Across two games, 29 Division I college football players jumped 24 hours before and 24 and 72 hours after. The rebound jump picked up clear drops in power, RSImod, and jump height at 24 hours post-game, recovering by 72 - and proved more sensitive to acute fatigue than the standard jump, while certain CMJ metrics better tracked how game load shaped recovery. The authors call it a time-efficient tool for spotting post-game fatigue.

Oklahoma has hired Abigail O'Connor as associate AD for performance nutrition, AD Roger Denny announced. O'Connor spent eight years at Michigan, where she oversaw all of the football program's nutrition and was its performance dietitian through three Big Ten titles and the 2023 national championship, eventually rising to director of football performance nutrition.

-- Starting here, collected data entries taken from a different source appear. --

(* Assume Conditions (A) and (B) below hold. For any $r_0>0$, $$\sup_{\beta\in\beta^*+\mathbb{B}_\Sigma(r_0)}\|E\{e_i(\beta)W_{i,-j}\}\|_2\le\sup_{\beta\in\beta^*+\mathbb{B}_\Sigma(r_0)}\|E\{e_i(\beta)W_i\}\|_2\le\tfrac12f_um_3r_0^2.$$ In addition, if Condition (D) holds, then $\sup_{\beta\in\beta^*+\mathbb{B}_\Sigma(r_0)}|E\{e_i(\beta)\omega_i\}|\le f_ub_Xr_0^2/2$.
   Context: Fix $\tau\in(0,1)$. Let $(Y_i,X_i)$ be distributed as $(Y,X)\in\mathbb{R}\times\mathbb{R}^p$ (first coordinate of $X$ equal to 1), with conditional $\tau$-quantile $X^T\beta^*$ and conditional lower expected shortfall $\tau^{-1}\int_0^\tau\mathcal{Q}_u(Y\mid X)du=X^T\theta^*$. Let $\varepsilon=Y-X^T\beta^*$, $\varepsilon_-=\min(\varepsilon,0)$, $\Sigma=E(XX^T)$ (positive definite), $\|u\|_\Sigma=\|\Sigma^{1/2}u\|_2$, $\mathbb{B}_\Sigma(r)=\{u:\|u\|_\Sigma\le r\}$, $m_3=\sup_{\|u\|_2=1}E|X^Tu|^3/\{E(X^Tu)^2\}^{3/2}$, $s=\max(\|\beta^*\|_0,\|\theta^*\|_0)$, $\mathbb{C}(\mathcal{S})=\{\delta:\|\delta_{\mathcal{S}^c}\|_1\le3\|\delta_{\mathcal{S}}\|_1\}$. $Z_i(\beta)=(Y_i-X_i^T\beta)\mathbb{1}(Y_i\le X_i^T\beta)+\tau X_i^T\beta$, $e_i(\beta)=Z_i(\beta)-\tau X_i^T\theta^*$. Fix an index $j$; $X_{i,-j}$ removes the $j$th entry; $\Sigma_{-j}=E(X_{-j}X_{-j}^T)$; $W_i=\Sigma^{-1/2}X_i$, $W_{i,-j}=\Sigma_{-j}^{-1/2}X_{i,-j}$. Condition (A): $F_{\varepsilon|X}$ continuously differentiable with $|F_{\varepsilon|X}(t)-F_{\varepsilon|X}(0)|\le f_u|t|$ for all $t$, $f_u>0$; $E(\varepsilon_-^2\mid X)\le\sigma_\varepsilon^2$, $E(|\varepsilon_-|^k\mid X)\le k!\sigma_\varepsilon^2b_\varepsilon^{k-2}/2$ for integers $k\ge3$, constants $b_\varepsilon\ge\sigma_\varepsilon>0$. Condition (B): $s\in[1,\min(p,n)]$; constants $b_X,m_4\ge1$ with $\|X\|_\infty\le b_X$ a.s., $\sup_{\|u\|_2=1}E\{(X^Tu)^4\}/[E\{(X^Tu)^2\}]^2\le m_4$; $\underline{\phi}^2=\inf_{|\mathcal{S}|\le s}\inf_{\delta\in\mathbb{C}(\mathcal{S})}\delta^T\Sigma\delta/\|\delta_{\mathcal{S}}\|_2^2>0$. Condition (D): $\gamma^*=\arg\min_\gamma E(X_j-X_{-j}^T\gamma)^2$ is $s_0$-sparse, $1\le s_0<\min(p,n)$; $\omega_i=X_{i,j}-X_{i,-j}^T\gamma^*$ satisfies $|\omega_i|\le b_X$; (B) holds also for $X_{-j},\Sigma_{-j}$. *)

theory Defs
  imports "HOL-Analysis.Analysis" "HOL-Probability.Probability"
begin

definition pos_def_mat :: "real^'n^'n \<Rightarrow> bool" where
  "pos_def_mat A \<longleftrightarrow> (\<forall>u. u \<noteq> 0 \<longrightarrow> u \<bullet> (A *v u) > 0)"

definition is_psd_sqrt :: "real^'n^'n \<Rightarrow> real^'n^'n \<Rightarrow> bool" where
  "is_psd_sqrt S A \<longleftrightarrow> transpose S = S \<and> pos_def_mat S \<and> S ** S = A"

definition second_moment :: "'a measure \<Rightarrow> ('a \<Rightarrow> real^'n) \<Rightarrow> real^'n^'n" where
  "second_moment M X = (\<chi> i k. \<integral>\<omega>. X \<omega> $ i * X \<omega> $ k \<partial>M)"
lemma not_on_conic_at_infinity: "\<not> on_conic_at_infinity (bar_vectors Kbip r)"
proof
  assume "on_conic_at_infinity (bar_vectors Kbip r)"
  then obtain Q :: "real^'d^'d" where "Q \<noteq> 0" and Q_sym: "transpose Q = Q"
    and Q_bars: "\<And>v. v \<in> bar_vectors Kbip r \<Longrightarrow> v \<bullet> (Q *v v) = 0"
    unfolding on_conic_at_infinity_def by blast
  have bars: "p i \<bullet> (Q *v p i) - 2 * (p i \<bullet> (Q *v q j)) + q j \<bullet> (Q *v q j) = 0" for i j
  proof -
    have "p i - q j \<in> bar_vectors Kbip r"
      unfolding bar_vectors_def by (rule CollectI, rule exI[of _ "Inl i"], rule exI[of _ "Inr j"]) simp
    then have "(p i - q j) \<bullet> (Q *v (p i - q j)) = 0" by (rule Q_bars)
    moreover have "q j \<bullet> (Q *v p i) = p i \<bullet> (Q *v q j)"
      using inner_matrix_vector_mult_symmetric[OF Q_sym, of "q j" "p i"]
      by (simp only: inner_commute[of "Q *v q j"])
    ultimately show ?thesis
      by (simp add: matrix_vector_mult_diff_distrib inner_diff_left inner_diff_right)
  qed
  have Q_diff: "Q *v (q j' - q j) = 0" for j j'
  proof -
    \<comment> \<open>Subtracting the bar conditions for q j and q j' leaves an affine function of p i.\<close>
    let ?c = "(q j \<bullet> (Q *v q j) - q j' \<bullet> (Q *v q j')) / 2"
    have "affine_form ?c (Q *v (q j' - q j)) \<bullet> hat (p i) = 0" for i
      using bars[of i j] bars[of i j'] inner_commute[of "Q *v q j'" "p i"] inner_commute[of "Q *v q j" "p i"]
      by (simp add: inner_affine_form_hat matrix_vector_mult_diff_distrib inner_diff_left field_simps)
    then have "affine_form ?c (Q *v (q j' - q j)) = 0" by (rule hats_p_span)
    then show ?thesis by (rule affine_form_eq_0D)
  qed
  fix j0 :: 'b
  have "Q $ k = 0" for k
  proof -
    have "Q $ k \<bullet> (q j - q j0) = 0" for j
      using arg_cong[OF Q_diff[of j j0], of "\<lambda>v. v $ k"] by (simp add: matrix_vector_mul_component)
    then have "affine_form (- (Q $ k \<bullet> q j0)) (Q $ k) \<bullet> hat (q j) = 0" for j
      by (simp add: inner_affine_form_hat inner_diff_right)
    then have "affine_form (- (Q $ k \<bullet> q j0)) (Q $ k) = 0" by (rule hats_q_span)
    then show ?thesis by (rule affine_form_eq_0D)
  qed
  then have "Q = 0" by (simp add: vec_eq_iff)
  with \<open>Q \<noteq> 0\<close> show False by contradiction
qed

lemma affine_hull_r: "affine hull (range r) = UNIV"
  by (rule affine_hull_eq_UNIV_if_hats_span) (rule hats_span)

lemma super_stable: "super_stable Kbip r"
  unfolding super_stable_def
  using affine_hull_r equilibrium_stress psd_stress_matrix
    rank_stress_matrix not_on_conic_at_infinity
  by (intro conjI exI[of _ stress])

She's also a certified strength and conditioning coach. She reunites in Norman with new OU football administrator Mark Taurisani, a former Michigan colleague. "The Sooners got better today," Denny wrote. The hire follows lead football trainer Jonathan Gress leaving earlier this month for the Tennessee Titans.
Human performance scientist Andy Galpin makes the case on X that thirst lags well behind actual fluid loss - by the time you feel it, performance has likely already dipped. His numbers: a 2% drop in body weight cuts physical performance about 10%, with skill and reaction time slipping even before that.

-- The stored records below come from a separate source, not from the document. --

lemma laplacian_eigenvalueI:
  assumes G: "simple_graph n E"
    and eq: "\<And>k. k < n \<Longrightarrow> (\<Sum>e=0..<length E. incidence_entry E e k * (z (fst (E!e)) - z (snd (E!e)))) = \<mu> * z k"
    and nonzero: "k0 < n" "z k0 \<noteq> 0"
  shows "eigenvalue (laplacian n E) \<mu>"
proof -
  have L: "laplacian n E \<in> carrier_mat n n" by (rule laplacian_carrier)
  have "vec n z \<noteq> 0\<^sub>v n"
    using nonzero by (metis index_vec index_zero_vec(1))
  moreover have "laplacian n E *\<^sub>v vec n z = \<mu> \<cdot>\<^sub>v vec n z"
  proof (rule eq_vecI)
    fix i assume "i < dim_vec (\<mu> \<cdot>\<^sub>v vec n z)"
    then show "(laplacian n E *\<^sub>v vec n z) $ i = (\<mu> \<cdot>\<^sub>v vec n z) $ i"
      using laplacian_mult_vec_index[OF G, of i z] eq[of i] by simp
  qed (use L in simp)
  ultimately show ?thesis
    using L unfolding eigenvalue_def eigenvector_def by (intro exI[of _ "vec n z"]) auto
qed

lemma laplacian_eigenvalue_zero:
  "simple_graph n E \<Longrightarrow> n > 0 \<Longrightarrow> eigenvalue (laplacian n E) 0"
  by (rule laplacian_eigenvalueI[of _ _ "\<lambda>_. 1" _ 0]) auto

lemma sorted_nth_1_le:
  fixes s :: "'a::linorder list"
  assumes "sorted s" "a \<in> set s" "b \<in> set s" "a < b"
  shows "s ! 1 \<le> b"
proof -
  obtain p q where p: "p < length s" "s ! p = b" and q: "q < length s" "s ! q = a"
    using assms(2,3) by (auto simp: in_set_conv_nth)
  show ?thesis
  proof (cases "p = 0")
    case True
    then show ?thesis
      using assms(1,4) p q sorted_nth_mono[of s 0 q] by simp
  next
    case False
    then show ?thesis
      using assms(1) p sorted_nth_mono[of s 1 p] by simp
  qed
qed

lemma algebraic_connectivity_le:
  assumes G: "simple_graph n E" and n: "n > 0"
    and ev: "eigenvalue (laplacian n E) \<mu>" and pos: "\<mu> > 0"
  shows "algebraic_connectivity n E \<le> \<mu>"
proof -
  have L: "laplacian n E \<in> carrier_mat n n" by (rule laplacian_carrier)
  let ?p = "char_poly (laplacian n E)"
  have "?p \<noteq> 0" using degree_monic_char_poly[OF L] by auto
  moreover have "poly ?p \<mu> = 0" "poly ?p 0 = 0"
    using ev laplacian_eigenvalue_zero[OF G n] eigenvalue_root_char_poly[OF L] by simp_all
  ultimately have "\<mu> \<in># proots ?p" "0 \<in># proots ?p" by auto
  then show ?thesis unfolding algebraic_connectivity_def
    by (intro sorted_nth_1_le[of _ 0]) (use pos in auto)
qed

text \<open>Vectors are modelled as functions \<open>nat \<Rightarrow> real\<close>; pinning the coordinates beyond \<open>n\<close> to \<open>0\<close>
  makes the set of centred unit vectors compact in the product topology.\<close>

definition centred_unit_vectors :: "nat \<Rightarrow> (nat \<Rightarrow> real) set" where
  "centred_unit_vectors n = Pi\<^sub>E UNIV (\<lambda>i. if i < n then {-1..1} else {0})
     \<inter> {x. (\<Sum>k=0..<n. x k) = 0} \<inter> {x. sum_sq n x = 1}"

lemma compact_centred_unit_vectors: "compact (centred_unit_vectors n)"
proof -
  have "compactin (product_topology (\<lambda>_. euclidean) UNIV) (Pi\<^sub>E UNIV (\<lambda>i. if i < n then {-1..1::real} else {0}))"
    unfolding compactin_PiE by (auto simp: compactin_euclidean_iff)
  then have box: "compact (Pi\<^sub>E UNIV (\<lambda>i. if i < n then {-1..1::real} else {0}))"
    unfolding euclidean_product_topology compactin_euclidean_iff .
  have "continuous_on UNIV (\<lambda>x::nat\<Rightarrow>real. \<Sum>k=0..<n. x k)"
    by (intro continuous_on_sum) simp
  then have "closed {x::nat\<Rightarrow>real. (\<Sum>k=0..<n. x k) = 0}"
    using closed_Collect_eq[OF _ continuous_on_const] by simp
  moreover have "continuous_on UNIV (sum_sq n)"
    unfolding sum_sq_def by (intro continuous_on_sum continuous_on_power) simp
  then have "closed {x. sum_sq n x = 1}"
    using closed_Collect_eq[OF _ continuous_on_const] by simp
  ultimately show ?thesis unfolding centred_unit_vectors_def
    by (intro compact_Int_closed box) auto
qed

lemma continuous_on_laplacian_form: "continuous_on S (laplacian_form E)"
  unfolding laplacian_form_def
  by (intro continuous_on_sum continuous_on_power continuous_on_diff
      continuous_on_subset[OF continuous_on_product_coordinates]) auto

definition dipole :: "nat \<Rightarrow> real" where
  "dipole i = (if i = 0 then 1 / sqrt 2 else 0) - (if i = 1 then 1 / sqrt 2 else 0)"

lemma dipole_sq: "(dipole i)\<^sup>2 = (if i = 0 then 1/2 else 0) + (if i = 1 then 1/2 else 0)"
  by (auto simp: dipole_def power2_eq_square)

lemma dipole_in_centred_unit_vectors:
  assumes n: "n \<ge> 2"
  shows "dipole \<in> centred_unit_vectors n"
proof -
  have "(\<Sum>k=0..<n. dipole k) = 0" "sum_sq n dipole = 1"
    unfolding sum_sq_def dipole_sq using n by (simp_all add: dipole_def sum_subtractf sum.distrib)
  moreover have "dipole i \<in> (if i < n then {-1..1} else {0})" for i
    using n real_sqrt_ge_one[of 2] unfolding dipole_def by (auto intro: order.trans[of _ 0])
  ultimately show ?thesis unfolding centred_unit_vectors_def by (auto simp: PiE_iff)
qed

lemma laplacian_form_dipole: "laplacian_form E dipole \<le> 2 * real (length E)"
proof -
  have "(dipole a - dipole b)\<^sup>2 \<le> 2" for a b
  proof -
    have "(dipole a - dipole b)\<^sup>2 \<le> 2 * (dipole a)\<^sup>2 + 2 * (dipole b)\<^sup>2"
      using zero_le_power2[of "dipole a + dipole b"] by (simp add: power2_eq_square algebra_simps)
    then show ?thesis unfolding dipole_sq by (auto split: if_split_asm)
  qed
  then have "laplacian_form E dipole \<le> (\<Sum>e=0..<length E. 2)"
    unfolding laplacian_form_def by (intro sum_mono) auto
  then show ?thesis by simp
qed

lemma laplacian_form_attains_min:
  assumes "n \<ge> 2"
  shows "\<exists>z\<in>centred_unit_vectors n. \<forall>w\<in>centred_unit_vectors n. laplacian_form E z \<le> laplacian_form E w"
  using continuous_attains_inf[OF compact_centred_unit_vectors _ continuous_on_laplacian_form]
    dipole_in_centred_unit_vectors[OF assms] by blast

lemma laplacian_form_scale:
  assumes G: "simple_graph n E" and "\<And>i. i < n \<Longrightarrow> w' i = w i / s"
  shows "laplacian_form E w' = laplacian_form E w / s\<^sup>2"
proof -
  have "laplacian_form E w' = (\<Sum>e=0..<length E. (w (fst (E!e)) - w (snd (E!e)))\<^sup>2 / s\<^sup>2)"
    unfolding laplacian_form_def
    by (rule sum.cong) (use assms simple_graph_edge[OF G] in \<open>auto simp: diff_divide_distrib[symmetric] power_divide\<close>)
  then show ?thesis unfolding laplacian_form_def by (simp add: sum_divide_distrib)
qed

lemma min_laplacian_form_bound:
  assumes G: "simple_graph n E" and z: "z \<in> centred_unit_vectors n"
    and z_min: "\<forall>w\<in>centred_unit_vectors n. laplacian_form E z \<le> laplacian_form E w"
    and w: "(\<Sum>k=0..<n. w k) = 0"
  shows "laplacian_form E z * sum_sq n w \<le> laplacian_form E w"
proof (cases "sum_sq n w = 0")
  case True
  then show ?thesis using laplacian_form_nonneg by simp
next
  case False
  then have pos: "sum_sq n w > 0" using sum_sq_nonneg[of n w] by simp
  define s where "s = sqrt (sum_sq n w)"
  have s: "s > 0" "s\<^sup>2 = sum_sq n w" using pos unfolding s_def by auto
  define w' where "w' i = (if i < n then w i / s else 0)" for i
  have bound: "\<bar>w i\<bar> \<le> s" if "i < n" for i
  proof -
    have "(w i)\<^sup>2 \<le> sum_sq n w" unfolding sum_sq_def using that by (intro member_le_sum) auto
    then show ?thesis unfolding s_def by (metis real_sqrt_abs real_sqrt_le_mono)
  qed
  have "w' i \<in> (if i < n then {-1..1} else {0})" for i
    using bound[of i] s by (auto simp: w'_def abs_le_iff field_simps)
  moreover have "(\<Sum>k=0..<n. w' k) = 0"
    unfolding w'_def using w by (simp add: sum_divide_distrib[symmetric])
  moreover have "sum_sq n w' = 1" unfolding sum_sq_def w'_def using s pos
    by (simp add: power_divide sum_divide_distrib[symmetric] sum_sq_def[symmetric])
  ultimately have "w' \<in> centred_unit_vectors n"
    unfolding centred_unit_vectors_def by (auto simp: PiE_iff)
  then have "laplacian_form E z \<le> laplacian_form E w'" using z_min by blast
  also have "laplacian_form E w' = laplacian_form E w / sum_sq n w"
    using laplacian_form_scale[OF G, of w' w s] s by (simp add: w'_def)
  finally show ?thesis using pos by (simp add: field_simps)
qed

lemma linear_coeff_zero_if_nonneg:
  fixes a b :: real
  assumes "\<And>t. 0 \<le> a * t + b * t\<^sup>2"
  shows "a = 0"
proof (rule ccontr)
  assume a: "a \<noteq> 0"
  define c where "c = \<bar>b\<bar> + 1"
  have c: "c > 0" "b \<le> c" unfolding c_def by auto
  define t where "t = - a / (2 * c)"
  have "b * t\<^sup>2 \<le> c * t\<^sup>2" using c by (intro mult_right_mono) auto
  moreover have "a * t + c * t\<^sup>2 = - (a\<^sup>2 / (4 * c))"
    unfolding t_def using c by (simp add: power2_eq_square field_simps)
  moreover have "a\<^sup>2 / (4 * c) > 0" using a c by simp
  ultimately show False using assms[of t] by linarith
qed

lemma laplacian_form_add_scaled:
  "laplacian_form E (\<lambda>k. z k + t * w k) = laplacian_form E z
     + 2 * t * (\<Sum>e=0..<length E. (z (fst (E!e)) - z (snd (E!e))) * (w (fst (E!e)) - w (snd (E!e))))
     + t\<^sup>2 * laplacian_form E w"
proof -
  have "laplacian_form E (\<lambda>k. z k + t * w k) = (\<Sum>e=0..<length E. (z (fst (E!e)) - z (snd (E!e)))\<^sup>2
     + 2 * t * ((z (fst (E!e)) - z (snd (E!e))) * (w (fst (E!e)) - w (snd (E!e))))
     + t\<^sup>2 * (w (fst (E!e)) - w (snd (E!e)))\<^sup>2)"
    unfolding laplacian_form_def by (rule sum.cong) (simp_all add: power2_eq_square algebra_simps)
  then show ?thesis unfolding laplacian_form_def by (simp add: sum.distrib sum_distrib_left)
qed

lemma sum_sq_add_scaled:
  "sum_sq n (\<lambda>k. z k + t * w k) = sum_sq n z + 2 * t * (\<Sum>k=0..<n. z k * w k) + t\<^sup>2 * sum_sq n w"
proof -
  have "sum_sq n (\<lambda>k. z k + t * w k) = (\<Sum>k=0..<n. (z k)\<^sup>2 + 2 * t * (z k * w k) + t\<^sup>2 * (w k)\<^sup>2)"
    unfolding sum_sq_def by (rule sum.cong) (simp_all add: power2_eq_square algebra_simps)
  then show ?thesis unfolding sum_sq_def by (simp add: sum.distrib sum_distrib_left)
qed

text \<open>First variation of the Rayleigh quotient at the minimiser \<open>z\<close>, in the centred direction
  \<open>e\<^sub>k - 1/n\<close>.\<close>

lemma min_laplacian_form_eigen_eq:
  assumes G: "simple_graph n E" and k: "k < n" and z: "z \<in> centred_unit_vectors n"
    and z_min: "\<forall>w\<in>centred_unit_vectors n. laplacian_form E z \<le> laplacian_form E w"
  shows "(\<Sum>e=0..<length E. incidence_entry E e k * (z (fst (E!e)) - z (snd (E!e))))
       = laplacian_form E z * z k"
proof -
  let ?\<mu> = "laplacian_form E z"
  define w where "w i = (if i = k then 1 else 0) - 1 / real n" for i
  define B where "B = (\<Sum>e=0..<length E. (z (fst (E!e)) - z (snd (E!e))) * (w (fst (E!e)) - w (snd (E!e))))"
  define I where "I = (\<Sum>i=0..<n. z i * w i)"
  have z_sum: "(\<Sum>i=0..<n. z i) = 0" and z_sq: "sum_sq n z = 1"
    using z unfolding centred_unit_vectors_def by auto
  have w_sum: "(\<Sum>i=0..<n. w i) = 0" unfolding w_def using k by (simp add: sum_subtractf)
  have variation: "0 \<le> 2 * (B - ?\<mu> * I) * t + (laplacian_form E w - ?\<mu> * sum_sq n w) * t\<^sup>2" for t
  proof -
    have "(\<Sum>i=0..<n. z i + t * w i) = 0"
      using z_sum w_sum by (simp add: sum.distrib sum_distrib_left[symmetric])
    from min_laplacian_form_bound[OF G z z_min this]
    show ?thesis
      unfolding laplacian_form_add_scaled sum_sq_add_scaled B_def[symmetric] I_def[symmetric] z_sq
      by (simp add: algebra_simps)
  qed
  have "2 * (B - ?\<mu> * I) = 0" by (rule linear_coeff_zero_if_nonneg) (fact variation)
  moreover have "B = (\<Sum>e=0..<length E. incidence_entry E e k * (z (fst (E!e)) - z (snd (E!e))))"
    unfolding B_def by (rule sum.cong) (auto simp: w_def incidence_entry_eq[OF G])
  moreover have "I = z k"
  proof -
    have "z i * w i = (if i = k then z i else 0) - z i / real n" for i
      unfolding w_def by (simp add: right_diff_distrib)
    then have "I = (\<Sum>i=0..<n. if i = k then z i else 0) - (\<Sum>i=0..<n. z i) / real n"
      unfolding I_def by (simp add: sum_subtractf sum_divide_distrib)
    then show ?thesis using k z_sum by simp
  qed
  ultimately show ?thesis by simp
qed

lemma constant_on_connected:
  assumes C: "graph_connected n E" and eq: "\<forall>e<length E. z (fst (E!e)) = z (snd (E!e))"
    and "u < n" "v < n"
  shows "z u = z v"
proof -
  have "z u = z v" if "(adj E)\<^sup>*\<^sup>* u v" for u v
    using that
  proof (induction rule: rtranclp_induct)
    case (step v w)
    then obtain i j where ij: "(i,j) \<in> set E" "(v = i \<and> w = j) \<or> (v = j \<and> w = i)"
      unfolding adj_def by blast
    then obtain e where e: "e < length E" "E!e = (i,j)" by (auto simp: in_set_conv_nth)
    have "z i = z j" using eq[rule_format, OF e(1)] e(2) by simp
    then show ?case using ij(2) step.IH by auto
  qed simp
  then show ?thesis using C assms(3,4) unfolding graph_connected_def by blast
qed

lemma laplacian_form_pos:
  assumes C: "graph_connected n E" and n: "n > 0" and z: "z \<in> centred_unit_vectors n"
  shows "laplacian_form E z > 0"
proof (rule ccontr)
  assume "\<not> laplacian_form E z > 0"
  then have "laplacian_form E z = 0" using laplacian_form_nonneg[of E z] by simp
  then have "\<forall>e\<in>{0..<length E}. (z (fst (E!e)) - z (snd (E!e)))\<^sup>2 = 0"
    unfolding laplacian_form_def by (subst (asm) sum_nonneg_eq_0_iff) auto
  then have "\<forall>e<length E. z (fst (E!e)) = z (snd (E!e))" by auto
  note const = constant_on_connected[OF C this _ n]
  have "(\<Sum>i=0..<n. z i) = (\<Sum>i=0..<n. z 0)" "sum_sq n z = (\<Sum>i=0..<n. (z 0)\<^sup>2)"
    unfolding sum_sq_def by (intro sum.cong refl; metis atLeastLessThan_iff const)+
  moreover have "(\<Sum>i=0..<n. z i) = 0" "sum_sq n z = 1"
    using z unfolding centred_unit_vectors_def by auto
  ultimately show False by auto
qed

His team built a free calculator to set a concrete fluid target instead of guessing.
Dr. Rhonda Patrick shared a new European Heart Journal study in which researchers found micro- and nanoplastics in the coronary blood of 84% of heart attack (STEMI) patients, versus 40% of those with stable coronary disease and 32% of healthy controls. The plastics often came alongside higher inflammation (IL-6 and TNF-alpha) and were more common in people exposed to more air pollution and smoking. As Patrick put it, we still don't know whether microplastics contribute to heart attacks, "but this association is very alarming to me."
A new Molecular Neurobiology review lays out the molecular case for why exercise protects the brain. When a protein complex called the NLRP3 inflammasome gets over-activated, it drives the neuroinflammation behind neurodegeneration.
Exercise, the authors write, prompts the release of "exerkines" - signaling molecules like BDNF, irisin, and IGF-1 - that tamp down that over-activation and help guard neurons, the blood-brain barrier, and synaptic plasticity. Their conclusion: the findings build the theoretical basis for using exercise as targeted prevention against neurodegeneration.